Once it was intimated to Custodian that petitioner is out of station, any notice to appear cannot be said to be giving of reasonable opportunity particularly when procedure for service of summons as provided in Rule 18 of Rules has not be followed and give complete go by. The genesis of the impugned order is the allegation that petitioner has felled the poplar and bran trees standing on the evacuee's property. Though the said information was previously made basis for cancellation of allotment by the Deputy Custodian. The said order has been already set aside by the learned Tribunal. The Custodian was supposed to consider the matter afresh and give valid reasons for cancelling the allotment and as to whether felling of trees is a ground for cancellation of allotment. The custodian has not given any reason but simply observed that order of Dy. Custodian is maintained. Felling of poplar and bran trees in any case could not be a ground for cancelling the allotment.
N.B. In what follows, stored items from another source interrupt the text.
definition obs1 :: "'a efg \<Rightarrow> 'a list \<Rightarrow> ('a list set \<times> 'a) list" where
  "obs1 G h = map (\<lambda>k. (infoset_of G 1 (take k h), h ! k))
                  (filter (\<lambda>k. turn G (take k h) = 1) [0..<length h])"

definition pr1 :: "'a efg \<Rightarrow> 'a efg" where
  "pr1 G = G\<lparr> infosets := (infosets G)(1 :=
      (\<Union>I \<in> infosets G 1. {{h' \<in> I. obs1 G h' = obs1 G h} | h. h \<in> I})) \<rparr>"

definition best_val :: "('a efg \<Rightarrow> 'a profile \<Rightarrow> bool) \<Rightarrow> 'a efg \<Rightarrow> real" where
  "best_val X G = Sup {U G 1 \<pi> | \<pi>. X G \<pi>}"

definition worst_val :: "('a efg \<Rightarrow> 'a profile \<Rightarrow> bool) \<Rightarrow> 'a efg \<Rightarrow> real" where
  "worst_val X G = Inf {U G 1 \<pi> | \<pi>. X G \<pi>}"

definition VoR_best :: "('a efg \<Rightarrow> 'a profile \<Rightarrow> bool) \<Rightarrow> 'a efg \<Rightarrow> real" where
  "VoR_best X G = best_val X (pr1 G) / best_val X G"

definition VoR_worst :: "('a efg \<Rightarrow> 'a profile \<Rightarrow> bool) \<Rightarrow> 'a efg \<Rightarrow> real" where
  "VoR_worst X G = worst_val X (pr1 G) / worst_val X G"

end

theory Submission
  imports Defs
begin

(*
  Chance picks c \<in> {0, 1}; player 1 makes a dummy move (so that her observation history
  records c); player 2, ignorant of c, opts out (both get d) or continues; then player 1 plays
  a \<in> {0, 1}.  Player 1 earns 2 for (c, a) = (0, 0) and 1 for (1, 1); player 2 earns 1 exactly
  in the other two outcomes.  Forgetting c, player 1's partial derivatives favour a = 0
  (1 against 1/2), so continuing is worth 1/2 > d to player 2: the unique equilibrium pays
  (1, 1/2).  Remembering c, player 1 matches it, continuing is worth 0 < d to player 2, and
  every equilibrium pays (d, d).  Both arguments use only that an action whose partial
  derivative is strictly dominated at its infoset is never played.  CDT equilibria have this
  property by the KKT conditions; since utilities here are affine in each infoset's variables,
  EDT (hence Nash) equilibria are CDT equilibria, so the same values arise for all three notions.
*)

lemma infoset_of_eqI:
  assumes "I \<in> infosets G i" "h \<in> I" "\<And>J. J \<in> infosets G i \<Longrightarrow> h \<in> J \<Longrightarrow> J = I"
  shows "infoset_of G i h = I"
  unfolding infoset_of_def using assms by (intro the_equality) blast+

lemma actsI_eqI:
  assumes "I \<noteq> {}" "\<And>h. h \<in> I \<Longrightarrow> acts G h = A"
  shows "actsI G I = A"
  unfolding actsI_def using assms by (metis some_in_eq)

lemma is_dist_finite_nonempty: "is_dist A p \<Longrightarrow> finite A \<and> A \<noteq> {}"
  unfolding is_dist_def by (metis sum.empty sum.infinite zero_neq_one)

lemma deriv_affine:
  assumes "\<And>t. f t = f 0 + B * t"
  shows "deriv f x = B"
proof -
  have "f = (\<lambda>t. f 0 + B * t)" using assms by (rule ext)
  moreover have "((\<lambda>t. f 0 + B * t) has_field_derivative B) (at x)"
    by (auto intro!: derivative_eq_intros)
  ultimately show ?thesis by (metis DERIV_imp_deriv)
qed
The grounds on which allotment can be cancelled are provided in Rule 14 itself. Viewed thus, keeping above observations into consideration, the revision is allowed and orders impugned passed by the court below are set aside and case is remanded back along with the copy of this order for denovo enquiry as petitioner has not been given a reasonable opportunity of being heard with further direction to the Custodian Kashmir that he shall dispose of the application within a period of two months from today. He shall dispose of the application in light of observations made herein above. The case is accordingly disposed of and shall be consigned to records after its due completion.